If the quadrilateral at the base prisms, has some form the right figure, instead of area in calculations, you can use edge lengths prisms. For example, with a square base, replace the area in the formula of the previous step with the second power of the length of its edge (a):H=V/a². And in the case of the same formula, substitute the product of the lengths of two adjacent edges of the base (a and b): H=V/(a*b).
To calculate height (H) prisms knowledge may be sufficient full area surface (S) and the length of one edge of the base (a). Because total area consists of the areas of two bases and four side faces, and in such a polyhedron with a base, the area of one side surface should be equal to (S-a²)/4. This face has two common edges with square ones known size, which means that to calculate the length of the other edge, divide the resulting area by the side of the square: (S-a²)/(4*a). Since the prism in question is rectangular, the edge of the length you calculated adjoins the bases at an angle of 90°, i.e. coincides with the height of the polyhedron: H=(S-a²)/(4*a).

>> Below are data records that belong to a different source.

lemma seq_compact_subseq_components:
  fixes s :: "nat \<Rightarrow> nat \<Rightarrow> 'a::topological_space" and k :: nat
  assumes "seq_compact S" and "\<And>m j. s m j \<in> S"
  shows "\<exists>r \<theta>. strict_mono r \<and> (\<forall>j<k. (\<lambda>m. s (r m) j) \<longlonglongrightarrow> \<theta> j)"
proof (induction k)
  case 0
  show ?case by (intro exI[of _ id]) (auto simp: strict_mono_def)
next
  case (Suc k)
  then obtain r \<theta> where r: "strict_mono r" and lim: "\<forall>j<k. (\<lambda>m. s (r m) j) \<longlonglongrightarrow> \<theta> j"
    by blast
  obtain l r' where r': "strict_mono r'" and l: "((\<lambda>m. s (r m) k) \<circ> r') \<longlonglongrightarrow> l"
    using seq_compactE[OF assms(1), of "\<lambda>m. s (r m) k"] assms(2) by metis
  have "(\<lambda>m. s (r (r' m)) j) \<longlonglongrightarrow> (\<theta>(k := l)) j" if "j < Suc k" for j
    using LIMSEQ_subseq_LIMSEQ[OF _ r', of "\<lambda>m. s (r m) j"] lim l that
    by (cases "j = k") (auto simp: comp_def)
  then show ?case
    using strict_mono_o[OF r r'] by (intro exI[of _ "r \<circ> r'"] exI[of _ "\<theta>(k := l)"]) (auto simp: comp_def)
qed

definition tail_dev :: "real \<Rightarrow> real \<Rightarrow> real \<Rightarrow> real" where
  "tail_dev c K u = \<bar>u - c\<bar> * indicator {u. K < \<bar>u - c\<bar>} u"

lemma tail_dev_nonneg: "0 \<le> tail_dev c K u"
  by (simp add: tail_dev_def)

lemma abs_le_tail_dev: "0 \<le> K \<Longrightarrow> \<bar>u - c\<bar> \<le> K + tail_dev c K u"
  by (auto simp: tail_dev_def indicator_def)

lemma borel_measurable_tail_dev[measurable]: "tail_dev c K \<in> borel_measurable borel"
  unfolding tail_dev_def by measurable
lemma bailey_beta_chain_eq_theta_sum:
  "qpoch (q\<^sup>2) (q\<^sup>2) (2 * L + 1)
     * bailey_beta (q\<^sup>2) (\<lambda>j. (q\<^sup>2) ^ (v * nat (j\<^sup>2 + j)) * base_alpha q j) L
   = (\<Sum>\<^sub>\<infinity>j :: int. (-1) powi j * q powi ((2 * int v + 1) * j\<^sup>2 + 2 * int v * j - 1)
        * of_int (Legendre j 3) * qbinom (q\<^sup>2) (2 * int L + 1) (int L - j))"
  (is "_ = infsum ?H UNIV")
proof -
  have "qpoch (q\<^sup>2) (q\<^sup>2) (2 * L + 1)
      * bailey_beta (q\<^sup>2) (\<lambda>j. (q\<^sup>2) ^ (v * nat (j\<^sup>2 + j)) * base_alpha q j) L
      = (\<Sum>j\<in>{- int L - 1..int L}. ?H j)"
    unfolding bailey_beta_def sum_distrib_left chain_coefficient qbinom_odd_conv_inv_qfact
    by (simp only: mult_ac)
  also have "\<dots> = infsum ?H {- int L - 1..int L}"
    by simp
  also have "\<dots> = infsum ?H UNIV"
    by (rule infsum_cong_neutral) (auto simp: qbinom_eq_0)
  finally show ?thesis .
qed

section \<open>Unfolding the multiple sum\<close>

definition box_funs :: "nat \<Rightarrow> nat \<Rightarrow> (nat \<Rightarrow> nat) set" where
  "box_funs v K = {n. (\<forall>i. i \<notin> {1..v} \<longrightarrow> n i = 0) \<and> (\<forall>i. n i \<le> K)}"

definition tail_sum :: "(nat \<Rightarrow> nat) \<Rightarrow> nat \<Rightarrow> nat \<Rightarrow> nat" where
  "tail_sum n v i = (\<Sum>k = i..v. n k)"

text \<open>For \<open>p = q^2\<close> and \<open>\<beta> = base_beta q\<close>, the summand on the left-hand side is
  \<open>(p;p)_(2L+1)\<close> times this; \<open>tail_sum n v i\<close> is \<open>N_i\<close>.\<close>
definition multisum_term :: "complex \<Rightarrow> nat \<Rightarrow> (nat \<Rightarrow> complex) \<Rightarrow> (nat \<Rightarrow> nat) \<Rightarrow> nat \<Rightarrow> complex" where
  "multisum_term p v \<beta> n L =
     p ^ (\<Sum>i = 1..v. tail_sum n v i * (tail_sum n v i + 1))
     * (\<Prod>i = 1..v - 1. inverse (qpoch p p (n i))) * \<beta> (n v)
     * inv_qfact p (int L - int (tail_sum n v 1))"

definition fcons :: "nat \<Rightarrow> (nat \<Rightarrow> nat) \<Rightarrow> nat \<Rightarrow> nat" where
  "fcons m n i = (if i = 0 then 0 else if i = 1 then m else n (i - 1))"

definition ftail :: "(nat \<Rightarrow> nat) \<Rightarrow> nat \<Rightarrow> nat" where
  "ftail n i = (if i = 0 then 0 else n (Suc i))"

lemma finite_box_funs: "finite (box_funs v K)"
proof -
  have "box_funs v K \<subseteq> {f. \<forall>x. (x \<in> {1..v} \<longrightarrow> f x \<in> {0..K}) \<and> (x \<notin> {1..v} \<longrightarrow> f x = 0)}"
    unfolding box_funs_def by auto
  then show ?thesis
    by (rule finite_subset) (intro finite_set_of_finite_funs; simp)
qed

lemma fcons_ftail: "n \<in> box_funs (Suc v) K \<Longrightarrow> fcons (n 1) (ftail n) = n"
  unfolding box_funs_def fcons_def ftail_def by (rule ext) (auto simp: Suc_pred)

lemma ftail_fcons: "n \<in> box_funs v K \<Longrightarrow> ftail (fcons m n) = n"
  unfolding box_funs_def fcons_def ftail_def by (rule ext) auto

lemma ftail_in_box_funs: "n \<in> box_funs (Suc v) K \<Longrightarrow> ftail n \<in> box_funs v K"
  unfolding box_funs_def ftail_def by auto

lemma fcons_in_box_funs: "m \<le> K \<Longrightarrow> n \<in> box_funs v K \<Longrightarrow> fcons m n \<in> box_funs (Suc v) K"
  unfolding box_funs_def fcons_def by (auto simp: Suc_le_eq)

lemma sum_box_funs_Suc:
  "(\<Sum>n\<in>box_funs (Suc v) K. F n) = (\<Sum>n\<in>box_funs v K. \<Sum>m = 0..K. F (fcons m n))"
proof -
  have "(\<Sum>n\<in>box_funs (Suc v) K. F n) = (\<Sum>x\<in>{0..K} \<times> box_funs v K. F (fcons (fst x) (snd x)))"
  proof (rule sum.reindex_bij_witness
      [where i = "\<lambda>x. fcons (fst x) (snd x)" and j = "\<lambda>n. (n 1, ftail n)"])
    fix n
    assume n: "n \<in> box_funs (Suc v) K"
    moreover have "n 1 \<le> K"
      using n by (simp add: box_funs_def)
    ultimately show "fcons (fst (n 1, ftail n)) (snd (n 1, ftail n)) = n"
      "(n 1, ftail n) \<in> {0..K} \<times> box_funs v K"
      "F (fcons (fst (n 1, ftail n)) (snd (n 1, ftail n))) = F n"
      using fcons_ftail[OF n] ftail_in_box_funs[OF n] by simp_all
  next
    fix x
    assume "x \<in> {0..K} \<times> box_funs v K"
    then show "(fcons (fst x) (snd x) 1, ftail (fcons (fst x) (snd x))) = x"
      "fcons (fst x) (snd x) \<in> box_funs (Suc v) K"
      by (auto simp: ftail_fcons fcons_in_box_funs fcons_def)
  qed
  also have "\<dots> = (\<Sum>m = 0..K. \<Sum>n\<in>box_funs v K. F (fcons m n))"
    by (simp add: sum.cartesian_product split_beta)
  also have "\<dots> = (\<Sum>n\<in>box_funs v K. \<Sum>m = 0..K. F (fcons m n))"
    by (rule sum.swap)
  finally show ?thesis .
qed
(* Let $X$ be a set and let $\mathcal{L}$ be a nest on $X$ that $T_0$-separates $X$. Then $M\in\mathcal{L}$ is a lower set if and only if $M$ has no maximal element.
   Context: A nest on $X$ is a family of subsets of $X$ totally ordered by inclusion; it $T_0$-separates $X$ if for all distinct $x,y\in X$ some member contains exactly one of $x,y$. Define $x\triangleleft_{\mathcal{L}} y$ iff there exists $L\in\mathcal{L}$ with $x\in L$ and $y\notin L$. For $A\subseteq X$, ${\downarrow}A=\{x\in X : \exists y\in A,\ x\triangleleft_{\mathcal{L}} y\}$, and $A$ is a lower set if $A={\downarrow}A$. A maximal element of $M$ is some $m\in M$ for which there is no $y\in M$ with $m\triangleleft_{\mathcal{L}} y$. *)

theory Defs
  imports Main
begin

definition is_nest :: "'a set \<Rightarrow> 'a set set \<Rightarrow> bool" where
  "is_nest X \<L> \<longleftrightarrow> (\<forall>L\<in>\<L>. L \<subseteq> X) \<and> (\<forall>A\<in>\<L>. \<forall>B\<in>\<L>. A \<subseteq> B \<or> B \<subseteq> A)"

definition T0_separates :: "'a set set \<Rightarrow> 'a set \<Rightarrow> bool" where
  "T0_separates \<L> X \<longleftrightarrow>
     (\<forall>x\<in>X. \<forall>y\<in>X. x \<noteq> y \<longrightarrow> (\<exists>L\<in>\<L>. (x \<in> L \<and> y \<notin> L) \<or> (y \<in> L \<and> x \<notin> L)))"

definition nest_rel :: "'a set set \<Rightarrow> 'a \<Rightarrow> 'a \<Rightarrow> bool" where
  "nest_rel \<L> x y \<longleftrightarrow> (\<exists>L\<in>\<L>. x \<in> L \<and> y \<notin> L)"

definition down_set :: "'a set \<Rightarrow> 'a set set \<Rightarrow> 'a set \<Rightarrow> 'a set" where
  "down_set X \<L> A = {x \<in> X. \<exists>y\<in>A. nest_rel \<L> x y}"

definition lower_set :: "'a set \<Rightarrow> 'a set set \<Rightarrow> 'a set \<Rightarrow> bool" where
  "lower_set X \<L> A \<longleftrightarrow> A = down_set X \<L> A"

definition is_maximal_elem :: "'a set set \<Rightarrow> 'a set \<Rightarrow> 'a \<Rightarrow> bool" where
  "is_maximal_elem \<L> M m \<longleftrightarrow> m \<in> M \<and> \<not> (\<exists>y\<in>M. nest_rel \<L> m y)"

end

theory Submission
  imports Defs
begin

text \<open>A member M of a nest always contains its down-set: if x is in some L \<in> \<L> that misses
  an element of M, then L \<subset> M because \<L> is a chain. Hence M is a lower set exactly when every
  element of M lies strictly below another one, i.e. when M has no maximal element.\<close>

lemma nest_down_set_subset:
  assumes "is_nest X \<L>" and "M \<in> \<L>"
  shows "down_set X \<L> M \<subseteq> M"
proof
  fix x assume "x \<in> down_set X \<L> M"
  then obtain y L where "y \<in> M" "L \<in> \<L>" "x \<in> L" "y \<notin> L"
    unfolding down_set_def nest_rel_def by blast
  moreover have "L \<subseteq> M \<or> M \<subseteq> L"
    using assms \<open>L \<in> \<L>\<close> unfolding is_nest_def by blast
  ultimately show "x \<in> M" by blast
qed

lemma subset_down_set_iff_no_maximal:
  assumes "M \<subseteq> X"
  shows "M \<subseteq> down_set X \<L> M \<longleftrightarrow> \<not> (\<exists>m. is_maximal_elem \<L> M m)"
  using assms unfolding down_set_def is_maximal_elem_def by blast

theorem proposition3p12:
  fixes X :: "'a set" and \<L> :: "'a set set" and M :: "'a set"
  assumes "is_nest X \<L>"
    and "T0_separates \<L> X"
    and "M \<in> \<L>"
  shows "lower_set X \<L> M \<longleftrightarrow> \<not> (\<exists>m. is_maximal_elem \<L> M m)"
proof -
  have "M \<subseteq> X" using assms(1,3) unfolding is_nest_def by blast
  moreover have "down_set X \<L> M \<subseteq> M" using assms(1,3) by (rule nest_down_set_subset)
  ultimately show ?thesis
    unfolding lower_set_def using subset_down_set_iff_no_maximal by blast
qed

end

In the correct height (H), knowing the length of the diagonal (L) and one edge of the base (a) is enough to calculate the height (H). Consider the triangle formed by this diagonal, the diagonal square base and one of the side ribs. The edge here is an unknown quantity that coincides with the desired height, and the diagonal of the square, based on the Pythagorean theorem, is equal to the product of the length of the side and the root of two. In accordance with the same theorem, express the desired quantity (leg) in terms of the length of the diagonal prisms(hypotenuse) base (second leg): H=√(L²-(a*V2)²)=√(L²-2*a²).
Sources:
- quadrangular prism
A prism is a device that separates normal light into individual colors: red, orange, yellow, green, blue, indigo, violet. This is a translucent object, with a flat surface that refracts light waves depending on their lengths and thanks to this allows you to see light in different colors. Do prism It's pretty easy to do it yourself.
You will need
- Two sheets of paper
- Foil
- Cup
- CD
- Coffee table
- Flashlight
- Pin
Instructions
Adjust the position of the flashlight and paper until you see a rainbow on the sheets - this is how your beam of light is decomposed into spectra.
Video on the topic
Quadrangular pyramid is a pentahedron with a quadrangular base and a side surface of four triangular faces. The lateral edges of the polyhedron intersect at one point - the vertex of the pyramid.
Instructions
A quadrangular pyramid can be regular, rectangular or arbitrary. Correct pyramid has a regular quadrangle at its base, and its vertex is projected into the center of the base. The distance from the top of the pyramid to its base is called the height of the pyramid. Side faces are isosceles triangles, and all edges are equal.
The base of a regular one can be a square or a rectangle. The height H of such a pyramid is projected to the point of intersection of the diagonals of the base. In a square and a rectangle, the diagonals d are the same. All lateral ribs L pyramid with square or rectangular base are equal to each other.
To find the edge of a pyramid, consider right triangle with sides: hypotenuse - the desired edge L, legs - the height of the pyramid H and half the diagonal of the base d. Calculate the edge using the Pythagorean theorem: square of the hypotenuse equal to the sum squares of legs: L²=H²+(d/2)². In a pyramid with a rhombus or parallelogram at the base, the opposite edges are equal in pairs and are determined by the formulas: L₁²=H²+(d₁/2)² and L₂²=H²+(d₂/2)², where d₁ and d₂ are the diagonals of the base.